A quarter wavelength resonant stripline type resonator substrate and a coupling adjusting substrate are alternately laminated in the thickness direction, and the resonator substrate has a structure in which a polarized capacitor is integrally incorporated, and a conductor is connected thereto. This is a configuration in which a pole feedback circuit is formed. The band rejection filter unit has a structure in which a similar quarter-wave resonance stripline type resonator substrate and a shielding substrate are alternately stacked in the thickness direction, and the resonator substrate has a structure in which a coupling capacitor is integrally incorporated. This is a configuration in which a coil is connected and coupled.

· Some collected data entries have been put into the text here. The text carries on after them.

lemma kernel_op_symmetric:
  assumes cov: "covariance_kernel K"
    and u: "\<And>\<beta>. \<beta> \<in> S M \<Longrightarrow> L2_on B (u \<beta>)" and v: "\<And>\<beta>. \<beta> \<in> S M \<Longrightarrow> L2_on B (v \<beta>)"
  shows "(\<Sum>\<alpha>\<in>S M. \<integral>x. kernel_op K M u x \<alpha> * v \<alpha> x \<partial>lborel)
    = (\<Sum>\<alpha>\<in>S M. \<integral>x. u \<alpha> x * kernel_op K M v x \<alpha> \<partial>lborel)"
proof -
  have "(\<Sum>\<alpha>\<in>S M. \<integral>x. kernel_op K M u x \<alpha> * v \<alpha> x \<partial>lborel)
      = (\<Sum>\<alpha>\<in>S M. \<Sum>\<beta>\<in>S M. \<integral>x. (\<integral>y. Kab K \<alpha> \<beta> x y * u \<beta> y \<partial>lborel) * v \<alpha> x \<partial>lborel)"
    unfolding kernel_op_def sum_distrib_right
    using kernel_integral_mult_integrable u v
    by (intro sum.cong refl, subst Bochner_Integration.integral_sum) auto
  also have "\<dots> = (\<Sum>\<alpha>\<in>S M. \<Sum>\<beta>\<in>S M. \<integral>y. u \<beta> y * (\<integral>x. Kab K \<alpha> \<beta> x y * v \<alpha> x \<partial>lborel) \<partial>lborel)"
  proof (intro sum.cong refl)
    fix \<alpha> \<beta> :: "'d \<Rightarrow> nat" assume "\<alpha> \<in> S M" "\<beta> \<in> S M"
    moreover obtain C where "\<forall>x y. \<bar>Kab K \<alpha> \<beta> x y\<bar> \<le> C" using Kab_bounded[OF smooth] by blast
    ultimately show "(\<integral>x. (\<integral>y. Kab K \<alpha> \<beta> x y * u \<beta> y \<partial>lborel) * v \<alpha> x \<partial>lborel)
        = (\<integral>y. u \<beta> y * (\<integral>x. Kab K \<alpha> \<beta> x y * v \<alpha> x \<partial>lborel) \<partial>lborel)"
      using u v by (intro Fubini_bounded_kernel[OF B_sets B_finite Kab_measurable[OF smooth]]) auto
  qed
  also have "\<dots> = (\<Sum>\<beta>\<in>S M. \<Sum>\<alpha>\<in>S M. \<integral>y. (\<integral>x. Kab K \<beta> \<alpha> y x * v \<alpha> x \<partial>lborel) * u \<beta> y \<partial>lborel)"
    by (subst sum.swap) (simp add: Kab_symmetric[OF cov smooth] mult.commute)
  also have "\<dots> = (\<Sum>\<beta>\<in>S M. \<integral>y. u \<beta> y * kernel_op K M v y \<beta> \<partial>lborel)"
  proof (rule sum.cong[OF refl])
    fix \<beta> :: "'d \<Rightarrow> nat" assume \<beta>: "\<beta> \<in> S M"
    have "(\<integral>y. u \<beta> y * kernel_op K M v y \<beta> \<partial>lborel)
        = (\<integral>y. (\<Sum>\<alpha>\<in>S M. (\<integral>x. Kab K \<beta> \<alpha> y x * v \<alpha> x \<partial>lborel) * u \<beta> y) \<partial>lborel)"
      unfolding kernel_op_def by (simp add: sum_distrib_left mult.commute)
    also have "\<dots> = (\<Sum>\<alpha>\<in>S M. \<integral>y. (\<integral>x. Kab K \<beta> \<alpha> y x * v \<alpha> x \<partial>lborel) * u \<beta> y \<partial>lborel)"
      using kernel_integral_mult_integrable u v \<beta> by (subst Bochner_Integration.integral_sum) auto
    finally show "(\<Sum>\<alpha>\<in>S M. \<integral>y. (\<integral>x. Kab K \<beta> \<alpha> y x * v \<alpha> x \<partial>lborel) * u \<beta> y \<partial>lborel)
        = (\<integral>y. u \<beta> y * kernel_op K M v y \<beta> \<partial>lborel)" by simp
  qed
  finally show ?thesis .
qed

Here, each resonator substrate typically has an internal electrode formed in the longitudinal direction of the inner center of a strip-shaped dielectric substrate, and independent island-shaped electrodes and external electrodes are formed on the outer peripheral portion excluding one end surface. Is formed. The coupling adjustment substrate has an electrode on the outer periphery. The shield substrate has a built-in shield electrode that extends in a plane substantially perpendicular to the thickness direction, and has an electrode on the outer periphery. A plurality of the resonator substrates are stacked so that a coupling adjusting substrate or a shielding substrate is sandwiched therebetween. Further, outer substrates are provided further outside the resonator substrates located on both sides in the thickness direction. The outer substrate has electrodes on the outer main surface and the outer peripheral portion. In the band-pass filter section, the island-shaped electrodes are connected by conductors to form a polarized feedback circuit, and in the band-stop filter section, the island-shaped electrodes are connected by coils.
Then, the island-shaped electrodes of the resonator substrate located on both sides of both filter portions are used as a receiving or transmitting coupling electrode and an antenna coupling electrode.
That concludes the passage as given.